The lines to copy are those in the listing below that contain the word "most".
[[ Input records, beginning ]]
lemma prob_not_has_pm_avoiding_le_sum:
  assumes "0 \<le> p" "p < 1"
    and deg: "\<forall>i\<in>{1..n}. card {j\<in>{1..n}. (i, j) \<in> E} \<le> C \<and> card {j\<in>{1..n}. (j, i) \<in> E} \<le> C"
  defines "y \<equiv> (1 - p) powr (real n / 2 - real C)"
  shows "measure_pmf.prob (random_bipartite n p) {G. \<not> has_pm_avoiding n G E}
           \<le> (\<Sum>s\<in>{1..n}. real ((n choose s) * (n choose (n + 1 - s))) * y ^ min s (n + 1 - s))"
proof -
  define Sub where "Sub k = {S. S \<subseteq> {1..n} \<and> card S = k}" for k
  define W where "W = (SIGMA s:{1..n}. Sub s \<times> Sub (n + 1 - s))"
  define Ev where "Ev S T = {G. \<forall>x\<in>S \<times> T - E. \<not> G x}" for S T
  let ?P = "measure_pmf.prob (random_bipartite n p)"
  have finSub: "finite (Sub k)" for k unfolding Sub_def by auto
  then have finW: "finite W" unfolding W_def by auto
  have "{G. \<not> has_pm_avoiding n G E} \<subseteq> (\<Union>(s, S, T)\<in>W. Ev S T)"
  proof
    fix G assume "G \<in> {G. \<not> has_pm_avoiding n G E}"
    then obtain S T where "S \<subseteq> {1..n}" "T \<subseteq> {1..n}" "card S + card T = n + 1"
      "\<forall>i\<in>S. \<forall>j\<in>T. (i, j) \<notin> E \<longrightarrow> \<not> G (i, j)"
      using not_has_pm_avoidingE by blast
    moreover from this have "card S \<in> {1..n}" using card_mono[of "{1..n}" S] card_mono[of "{1..n}" T] by auto
    ultimately show "G \<in> (\<Union>(s, S, T)\<in>W. Ev S T)"
      unfolding W_def Sub_def Ev_def by (intro UN_I[of "(card S, S, T)"]) auto
  qed
  then have "?P {G. \<not> has_pm_avoiding n G E} \<le> ?P (\<Union>(s, S, T)\<in>W. Ev S T)"
    by (intro measure_pmf.finite_measure_mono) auto
  also have "\<dots> \<le> (\<Sum>(s, S, T)\<in>W. ?P (Ev S T))"
    using measure_pmf.finite_measure_subadditive_finite[OF finW, of "\<lambda>(s, S, T). Ev S T"]
    by (simp add: case_prod_unfold)
  also have "\<dots> \<le> (\<Sum>(s, S, T)\<in>W. y ^ min s (n + 1 - s))"
  proof (intro sum_mono, clarify)
    fix s S T assume "(s, S, T) \<in> W"
    then have ST: "S \<subseteq> {1..n}" "T \<subseteq> {1..n}" "card S + card T = n + 1" "card S = s"
      unfolding W_def Sub_def by auto
    then have "?P (Ev S T) \<le> y ^ min (card S) (card T)"
      unfolding Ev_def y_def by (intro prob_empty_rectangle_le[OF assms(1,2) _ _ _ deg])
    moreover have "card T = n + 1 - s" using ST(3,4) by simp
    ultimately show "?P (Ev S T) \<le> y ^ min s (n + 1 - s)" using ST(4) by simp
  qed
  also have "\<dots> = (\<Sum>s\<in>{1..n}. \<Sum>(S, T)\<in>Sub s \<times> Sub (n + 1 - s). y ^ min s (n + 1 - s))"
    unfolding W_def using finSub by (intro sum.Sigma[symmetric]) auto
  also have "\<dots> = (\<Sum>s\<in>{1..n}. real ((n choose s) * (n choose (n + 1 - s))) * y ^ min s (n + 1 - s))"
    by (simp add: Sub_def n_subsets card_cartesian_product case_prod_unfold)
  finally show ?thesis .
qed
(* There exists an anonymous hedonic game with exactly $n=15$ agents in which every agent has strict and generally single-peaked preferences over coalition sizes, and which admits no individually stable partition.
   Context: A hedonic game on agent set $N=[n]$ assigns to each agent $i$ a weak order $\succsim_i$ over the coalitions (subsets of $N$) containing $i$; a partition $\pi$ of $N$ is evaluated by agent $i$ via the coalition $\pi(i)$ containing $i$. In an anonymous hedonic game (AHG), each agent $i$ has a weak order $\succsim_i^S$ over sizes $\{1,\dots,n\}$ and $\pi(i)\succsim_i\pi'(i)$ iff $|\pi(i)|\succsim_i^S|\pi'(i)|$. Preferences are strict if these orders are linear. An AHG is generally single-peaked if there is a linear order $>$ on $[n]$ such that for every agent $i$ and all $x,y,z\in[n]$ with $x>y>z$ or $z>y>x$, $x\succ_i^S y$ implies $y\succsim_i^S z$. An IS (individually stable) deviation of agent $i$ from partition $\pi$ to partition $\pi'$ is a move of $i$ alone from $\pi(i)$ into another coalition of $\pi$ or into a new singleton (all other agents keep their coalitions apart from $i$) such that $\pi'(i)\succ_i\pi(i)$ and $\pi'(j)\succsim_j\pi(j)$ for every $j\in\pi'(i)\setminus\{i\}$. A partition is individually stable (IS) if no IS deviation is possible from it. *)

theory Defs
  imports Main "HOL-Library.Disjoint_Sets"
begin

(* Agents are 1..n.  pref i x y  means  x \<succeq>_i^S y  (agent i weakly prefers size x to size y). *)

definition agents :: "nat \<Rightarrow> nat set" where
  "agents n = {1..n}"

definition strict_pref :: "(nat \<Rightarrow> nat \<Rightarrow> nat \<Rightarrow> bool) \<Rightarrow> nat \<Rightarrow> nat \<Rightarrow> nat \<Rightarrow> bool" where
  "strict_pref pref i x y \<longleftrightarrow> pref i x y \<and> \<not> pref i y x"

definition is_AHG :: "nat \<Rightarrow> (nat \<Rightarrow> nat \<Rightarrow> nat \<Rightarrow> bool) \<Rightarrow> bool" where
  "is_AHG n pref \<longleftrightarrow> (\<forall>i\<in>agents n.
      (\<forall>x\<in>{1..n}. pref i x x) \<and>
      (\<forall>x\<in>{1..n}. \<forall>y\<in>{1..n}. pref i x y \<or> pref i y x) \<and>
      (\<forall>x\<in>{1..n}. \<forall>y\<in>{1..n}. \<forall>z\<in>{1..n}. pref i x y \<longrightarrow> pref i y z \<longrightarrow> pref i x z))"

definition strict_prefs :: "nat \<Rightarrow> (nat \<Rightarrow> nat \<Rightarrow> nat \<Rightarrow> bool) \<Rightarrow> bool" where
  "strict_prefs n pref \<longleftrightarrow> (\<forall>i\<in>agents n. \<forall>x\<in>{1..n}. \<forall>y\<in>{1..n}.
      pref i x y \<longrightarrow> pref i y x \<longrightarrow> x = y)"

definition gen_single_peaked :: "nat \<Rightarrow> (nat \<Rightarrow> nat \<Rightarrow> nat \<Rightarrow> bool) \<Rightarrow> bool" where
  "gen_single_peaked n pref \<longleftrightarrow> (\<exists>gt :: nat \<Rightarrow> nat \<Rightarrow> bool.
      (\<forall>x\<in>{1..n}. \<not> gt x x) \<and>
      (\<forall>x\<in>{1..n}. \<forall>y\<in>{1..n}. x \<noteq> y \<longrightarrow> gt x y \<or> gt y x) \<and>
      (\<forall>x\<in>{1..n}. \<forall>y\<in>{1..n}. \<forall>z\<in>{1..n}. gt x y \<longrightarrow> gt y z \<longrightarrow> gt x z) \<and>
      (\<forall>i\<in>agents n. \<forall>x\<in>{1..n}. \<forall>y\<in>{1..n}. \<forall>z\<in>{1..n}.
          ((gt x y \<and> gt y z) \<or> (gt z y \<and> gt y x)) \<longrightarrow>
          strict_pref pref i x y \<longrightarrow> pref i y z))"

definition coal :: "nat set set \<Rightarrow> nat \<Rightarrow> nat set" where
  "coal P i = (THE C. C \<in> P \<and> i \<in> C)"

(* IS deviation of agent i from partition P: i joins a coalition C of P not containing i,
   or C = {} (new singleton). *)
definition IS_deviation :: "nat \<Rightarrow> (nat \<Rightarrow> nat \<Rightarrow> nat \<Rightarrow> bool) \<Rightarrow> nat set set \<Rightarrow> nat \<Rightarrow> bool" where
  "IS_deviation n pref P i \<longleftrightarrow> i \<in> agents n \<and>
     (\<exists>C \<in> P \<union> {{}}. i \<notin> C \<and>
        strict_pref pref i (card C + 1) (card (coal P i)) \<and>
        (\<forall>j\<in>C. pref j (card C + 1) (card C)))"

definition individually_stable :: "nat \<Rightarrow> (nat \<Rightarrow> nat \<Rightarrow> nat \<Rightarrow> bool) \<Rightarrow> nat set set \<Rightarrow> bool" where
  "individually_stable n pref P \<longleftrightarrow>
     partition_on (agents n) P \<and> \<not> (\<exists>i. IS_deviation n pref P i)"

end

theory Submission
  imports Defs
begin

(* Agents 5-15 (the majority) rank the sizes 13 > 12 > ... > 1 > 14 > 15; agents 1 and 2 rank
   3 > 2 > 1 first, agent 4 ranks 13 > 3 > 2 > 1 first and agent 3 ranks 2 > 3 > 13 > 12 > 1
   first. Along the axis 4, 5, ..., 13, 3, 2, 1, 14, 15 the ranks of every agent first fall and
   then rise, which is general single-peakedness.

   In an individually stable partition nobody is worse off than alone, and a coalition of size 13
   would be {3..15}, leaving agents 1 and 2 a deviation. So all coalitions have at most 12
   members, every majority agent wants to move to any larger coalition, and a coalition refuses a
   newcomer only if it has at most 3 members, one of them among agents 1-4. If the majority were
   split, every majority agent would sit in a coalition of size at most 3, all but one of these
   containing one of agents 1-4, which leaves room for only 10 majority agents. Hence the majority
   forms a single coalition. If agent 3 belongs to it, agent 4 joins it; otherwise agents 1-4 are
   left among themselves, where agent 3 (who would join the majority from a singleton) and the
   minority agents 1, 2, 4 (who all rank 3 > 2 > 1) always find a deviation. *)

section \<open>Positions in lists\<close>

definition position :: "'a list \<Rightarrow> 'a \<Rightarrow> nat" where
  "position xs x = length (takeWhile ((\<noteq>) x) xs)"

lemma position_less_length: "x \<in> set xs \<Longrightarrow> position xs x < length xs"
  unfolding position_def by (induction xs) auto

lemma nth_position: "x \<in> set xs \<Longrightarrow> xs ! position xs x = x"
  unfolding position_def by (induction xs) auto

lemma position_inj: "x \<in> set xs \<Longrightarrow> y \<in> set xs \<Longrightarrow> position xs x = position xs y \<Longrightarrow> x = y"
  by (metis nth_position)

definition valley :: "'a::linorder list \<Rightarrow> bool" where
  "valley ys \<longleftrightarrow> (\<exists>m. sorted_wrt (>) (take (Suc m) ys) \<and> sorted_wrt (<) (drop m ys))"

lemma valley_nth_between:
  assumes "valley ys" and "a < length ys" and "c < length ys"
    and between: "a < b \<and> b < c \<or> c < b \<and> b < a" and "ys ! a < ys ! b"
  shows "ys ! b < ys ! c"
proof -
  obtain m where dec: "sorted_wrt (>) (take (Suc m) ys)" and inc: "sorted_wrt (<) (drop m ys)"
    using \<open>valley ys\<close> unfolding valley_def by blast
  have descending: "ys ! k < ys ! j" if "j < k" "k \<le> m" "k < length ys" for j k
    using sorted_wrt_nth_less[OF dec, of j k] that by simp
  have ascending: "ys ! j < ys ! k" if "m \<le> j" "j < k" "k < length ys" for j k
    using sorted_wrt_nth_less[OF inc, of "j - m" "k - m"] that by simp
  have "b < length ys"
    using between assms(2,3) by auto
  show ?thesis
  proof (cases "b \<le> m")
    case True
    then have "\<not> a < b"
      using descending[of a b] \<open>b < length ys\<close> \<open>ys ! a < ys ! b\<close> by auto
    then have "c < b"
      using between by auto
    then show ?thesis
      using descending[of c b] True \<open>b < length ys\<close> by auto
  next
    case False
    then have "\<not> b < a"
      using ascending[of b a] assms(2) \<open>ys ! a < ys ! b\<close> by auto
    then have "b < c"
      using between by auto
    then show ?thesis
      using ascending[of b c] False assms(3) by auto
  qed
qed

section \<open>Coalitions and deviations\<close>

definition welcoming :: "(nat \<Rightarrow> nat \<Rightarrow> nat \<Rightarrow> bool) \<Rightarrow> nat set \<Rightarrow> bool" where
  "welcoming pref C \<longleftrightarrow> (\<forall>j\<in>C. pref j (card C + 1) (card C))"

lemma IS_deviationI:
  "i \<in> agents n \<Longrightarrow> C \<in> P \<Longrightarrow> i \<notin> C \<Longrightarrow> strict_pref pref i (card C + 1) (card (coal P i)) \<Longrightarrow>
    welcoming pref C \<Longrightarrow> IS_deviation n pref P i"
  unfolding IS_deviation_def welcoming_def by blast

lemma IS_deviation_to_singleton:
  "i \<in> agents n \<Longrightarrow> strict_pref pref i 1 (card (coal P i)) \<Longrightarrow> IS_deviation n pref P i"
  unfolding IS_deviation_def by force

lemma coal_eq:
  assumes "partition_on A P" and "C \<in> P" and "i \<in> C"
  shows "coal P i = C"
  unfolding coal_def
proof (rule the_equality)
  show "D = C" if "D \<in> P \<and> i \<in> D" for D
    using that assms disjointD[OF partition_onD2[OF assms(1)]] by blast
qed (use assms in simp)

lemma coal_mem:
  assumes "partition_on A P" and "i \<in> A"
  shows "coal P i \<in> P" and "i \<in> coal P i"
proof -
  obtain C where "C \<in> P" "i \<in> C"
    using assms partition_onD1 by blast
  then show "coal P i \<in> P" "i \<in> coal P i"
    using coal_eq[OF assms(1)] by simp_all
qed
(* In the setting of the context (with $g$ unimodal, symmetric about $0$ and logconcave), the frequentist coverage $C(\theta)$ is nonincreasing (decreasing) in $\theta$ on the interval $(d_1,2d_0)$.
   Context: Let $g$ be a probability density on $\mathbb{R}$, unimodal and symmetric about $0$ (i.e. $g(z)=g(-z)$ and $g$ nonincreasing on $[0,\infty)$), and logconcave ($\log g$ concave on its support), with cdf $G$ and quantile function $G^{-1}(t)=\inf\{x:G(x)\ge t\}$. Let $X$ have density $g(x-\theta)$, $\theta\ge0$, and $P_\theta$ the corresponding probability. Fix $\alpha\in(0,1)$, and set $d_0=G^{-1}(\tfrac1{1+\alpha})$, $d_1=G^{-1}(1-\tfrac\alpha2)$. The HPD credible interval (prior $1_{[0,\infty)}(\theta)$, credibility $1-\alpha$) is $[l(X),u(X)]$ with $l(x)=\{x-G^{-1}(\tfrac12+\tfrac{1-\alpha}2G(x))\}1_{(d_0,\infty)}(x)$, $u(x)=x-G^{-1}(\alpha G(x))$ for $x\le d_0$ and $u(x)=x+G^{-1}(\tfrac12+\tfrac{1-\alpha}2G(x))$ for $x>d_0$. The frequentist coverage is $C(\theta)=P_\theta(l(X)\le\theta\le u(X))$. *)

theory Defs
  imports "HOL-Analysis.Analysis"
begin

definition is_density :: "(real \<Rightarrow> real) \<Rightarrow> bool" where
  "is_density g \<longleftrightarrow> (\<forall>x. 0 \<le> g x) \<and> (g has_integral 1) UNIV"

definition symmetric_unimodal :: "(real \<Rightarrow> real) \<Rightarrow> bool" where
  "symmetric_unimodal g \<longleftrightarrow> (\<forall>z. g z = g (- z)) \<and> (\<forall>x y. 0 \<le> x \<longrightarrow> x \<le> y \<longrightarrow> g y \<le> g x)"

definition logconcave :: "(real \<Rightarrow> real) \<Rightarrow> bool" where
  "logconcave g \<longleftrightarrow> concave_on {x. 0 < g x} (\<lambda>x. ln (g x))"

definition cdf_of :: "(real \<Rightarrow> real) \<Rightarrow> real \<Rightarrow> real" where
  "cdf_of g x = integral {..x} g"

definition quantile_of :: "(real \<Rightarrow> real) \<Rightarrow> real \<Rightarrow> real" where
  "quantile_of g t = Inf {x. cdf_of g x \<ge> t}"

definition hpd_d0 :: "(real \<Rightarrow> real) \<Rightarrow> real \<Rightarrow> real" where
  "hpd_d0 g \<alpha> = quantile_of g (1 / (1 + \<alpha>))"

definition hpd_d1 :: "(real \<Rightarrow> real) \<Rightarrow> real \<Rightarrow> real" where
  "hpd_d1 g \<alpha> = quantile_of g (1 - \<alpha> / 2)"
[[ Input records, end ]]
__Your solution__.
   would be {3..15}, leaving agents 1 and 2 a deviation. So all coalitions have at most 12
   newcomer only if it has at most 3 members, one of them among agents 1-4. If the majority were
   split, every majority agent would sit in a coalition of size at most 3, all but one of these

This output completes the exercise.